I especially like his wide wicked smile


----------



## Wildcat (Nov 3, 2007)

Great looking treater eater.


----------



## walterb (Jul 27, 2010)

That looks awesome, next year I am going pumpkin crazy.


----------



## Ghostess (Aug 21, 2005)

Thanks y'all! We're planning on scaling down the cemetery next year in lieu of an evil overgrown pumpkin patch/garden type thing. Should have loads of new props!


----------



## Dark Angel 27 (Sep 11, 2008)

that looks awesome!


----------



## cerinad (Jun 23, 2008)

Nice work.


----------



## Ghostess (Aug 21, 2005)

Thanks!


----------



## tcass01 (Aug 20, 2010)

He is just creepy enough with a dash of the chills.


----------



## dudeamis (Oct 16, 2011)

I think I'm gonna make a bunch of these this year. Only smaller.


----------



## scarrycher (May 30, 2012)

wow I like it alot!!


----------



## Bone Dancer (Oct 7, 2005)

I wonder how many toters he can eat. And good to see you around again.


----------



## Spooky1 (Aug 25, 2008)

I must have missed Peter last year. He looks hungry for some TOTS.


----------



## Lilly (Jun 13, 2006)

love it , that looks very cool in that green light ..good job Ghostess!!


----------



## Ghostess (Aug 21, 2005)

Thanks.  I had to trash the pumpkin patch this year due to time constraints, so my plan of having an army of them will have to wait.
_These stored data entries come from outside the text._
(* Let $B\subset\mathbb R^d$ be a convex body and let $C_1\cup\dots\cup C_k=B$ be a hierarchical affine partition of $B$ with all $C_i$ nonempty. Then $\sum_{i=1}^k r_B(C_i)\ge 1$. In particular this holds for binary partitions of $B$ by hyperplanes (where repeatedly one current part is cut into two by a hyperplane).
   Context: A convex body is a compact convex set with nonempty interior. For affine functions $\lambda_1,\dots,\lambda_k$ on $\mathbb R^d$, the affine partition of a set $X\subseteq\mathbb R^d$ they determine consists of the sets $X\cap\{x:\lambda_i(x)\le\lambda_j(x)\ \forall j\ne i\}$. Hierarchical affine partitions of $B$ are defined recursively: every affine partition of $B$ is hierarchical; replacing a part $C_i$ of a hierarchical affine partition by the parts of an affine partition of $C_i$ gives again a hierarchical affine partition. For a convex body $B$ and a convex set $C$, $r_B(C)=\sup\{h\ge 0:\exists t\in\mathbb R^d,\ hB+t\subseteq C\}$, with $r_B(\emptyset)=-\infty$. *)

theory Defs
  imports "HOL-Analysis.Analysis" "HOL-Library.Extended_Real"
begin

definition convex_body :: "'a::euclidean_space set \<Rightarrow> bool" where
  "convex_body B \<longleftrightarrow> compact B \<and> convex B \<and> interior B \<noteq> {}"

definition aff_eval :: "'a::euclidean_space \<times> real \<Rightarrow> 'a \<Rightarrow> real" where
  "aff_eval l x = fst l \<bullet> x + snd l"

definition affine_partition :: "'a::euclidean_space set \<Rightarrow> ('a \<times> real) list \<Rightarrow> 'a set list" where
  "affine_partition X ls =
     map (\<lambda>i. X \<inter> {x. \<forall>j<length ls. j \<noteq> i \<longrightarrow> aff_eval (ls ! i) x \<le> aff_eval (ls ! j) x})
         [0..<length ls]"

inductive hier_affine_partition :: "'a::euclidean_space set \<Rightarrow> 'a set list \<Rightarrow> bool"
  for B :: "'a set" where
  base: "ls \<noteq> [] \<Longrightarrow> hier_affine_partition B (affine_partition B ls)"
| refine: "hier_affine_partition B P \<Longrightarrow> i < length P \<Longrightarrow> ls \<noteq> [] \<Longrightarrow>
     hier_affine_partition B (take i P @ affine_partition (P ! i) ls @ drop (Suc i) P)"

definition inradius_rel :: "'a::euclidean_space set \<Rightarrow> 'a set \<Rightarrow> ereal" where
  "inradius_rel B C = (if C = {} then -\<infinity>
     else Sup (ereal ` {h. h \<ge> 0 \<and> (\<exists>t. (\<lambda>x. h *\<^sub>R x + t) ` B \<subseteq> C)}))"

end

theory Submission
  imports Defs
begin

text \<open>
  By induction along the construction of a hierarchical affine partition it
  suffices to show the one-cut inequality: if a set \<open>C\<close> is cut by an affine partition into
  nonempty parts \<open>D\<^sub>i\<close>, then \<open>r\<^sub>B(C) \<le> \<Sum> r\<^sub>B(D\<^sub>i)\<close>; the base case starts from \<open>r\<^sub>B(B) \<ge> 1\<close>.
  For the one-cut inequality take a homothet \<open>K = h B + t \<subseteq> C\<close> and its cells for the affine
  functions that are minimal somewhere on \<open>K\<close>.  If their inradii summed to less than \<open>h\<close>,
  choose shares \<open>s\<^sub>i\<close> with \<open>\<Sum> s\<^sub>i = 1\<close> and \<open>s\<^sub>i h > r\<^sub>B(cell i)\<close>.  Then no shrunk copy
  \<open>s\<^sub>i K + (1 - s\<^sub>i) p\<close> fits into cell \<open>i\<close>, which, by a theorem of the alternative for affine
  functions, yields a stochastic matrix \<open>W\<close> making certain affine functions positive on \<open>K\<close>.
  Reading the values of the affine functions as potentials of the Markov chain \<open>W\<close>, a bound
  on stationary averages (proved by censoring states one at a time) gives a contradiction.
\<close>

definition stochastic_on :: "'i set \<Rightarrow> ('i \<Rightarrow> 'i \<Rightarrow> real) \<Rightarrow> bool" where
  "stochastic_on S W \<longleftrightarrow> (\<forall>l\<in>S. \<forall>j\<in>S. W l j \<ge> 0) \<and> (\<forall>l\<in>S. sum (W l) S = 1)"

definition stationary_on :: "'i set \<Rightarrow> ('i \<Rightarrow> 'i \<Rightarrow> real) \<Rightarrow> ('i \<Rightarrow> real) \<Rightarrow> bool" where
  "stationary_on S W p \<longleftrightarrow> (\<forall>l\<in>S. p l \<ge> 0) \<and> (\<forall>j\<in>S. (\<Sum>l\<in>S. p l * W l j) = p j)"

lemma stochastic_entry_le_1:
  assumes "stochastic_on S W" "finite S" "l \<in> S" "j \<in> S"
  shows "W l j \<le> 1"
proof -
  have "W l j \<le> sum (W l) S"
    by (rule member_le_sum) (use assms in \<open>auto simp: stochastic_on_def\<close>)
  then show ?thesis using assms by (auto simp: stochastic_on_def)
qed

lemma stochastic_absorbing:
  assumes st: "stochastic_on S W" and fin: "finite S" and l: "l \<in> S" and Wll: "W l l \<ge> 1"
    and j: "j \<in> S" "j \<noteq> l"
  shows "W l j = 0"
proof -
  have nonneg: "\<forall>x\<in>S - {l}. 0 \<le> W l x" using st l unfolding stochastic_on_def by blast
  have "W l l \<le> 1" using stochastic_entry_le_1[OF st fin l l] .
  moreover have "sum (W l) S = 1" using st l unfolding stochastic_on_def by blast
  moreover have "sum (W l) S = W l l + sum (W l) (S - {l})" using fin l by (rule sum.remove)
  ultimately have "sum (W l) (S - {l}) = 0" using Wll by linarith
  then have "\<forall>x\<in>S - {l}. W l x = 0"
    using sum_nonneg_eq_0_iff[of "S - {l}" "W l"] fin nonneg by simp
  then show ?thesis using j by simp
qed

text \<open>The chain censored at a transient state \<open>m\<close>: excursions through \<open>m\<close> are short-cut.
  This is the stochastic complement used to eliminate states one at a time.\<close>

definition censored :: "'i \<Rightarrow> ('i \<Rightarrow> 'i \<Rightarrow> real) \<Rightarrow> 'i \<Rightarrow> 'i \<Rightarrow> real" where
  "censored m W = (\<lambda>l j. W l j + W l m * W m j / (1 - W m m))"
He was super fun to make!


----------



## Pumpkin5 (Aug 8, 2010)

:jol:Ghostess he looks amazing! I have always loved your cemetery, this guy will be a fantastic addition. He looks like he is up to no good, very devilish with his leer!


----------



## graveyardmaster (May 14, 2012)

that looks fantastic!


----------



## Hairazor (Mar 13, 2012)

I love those long long legs and arms, chilling!


----------



## smileyface4u23 (Apr 1, 2008)

Love him - his arms are spooky.


----------



## Death Master (Jul 1, 2007)

I Love This good job Ghostess


----------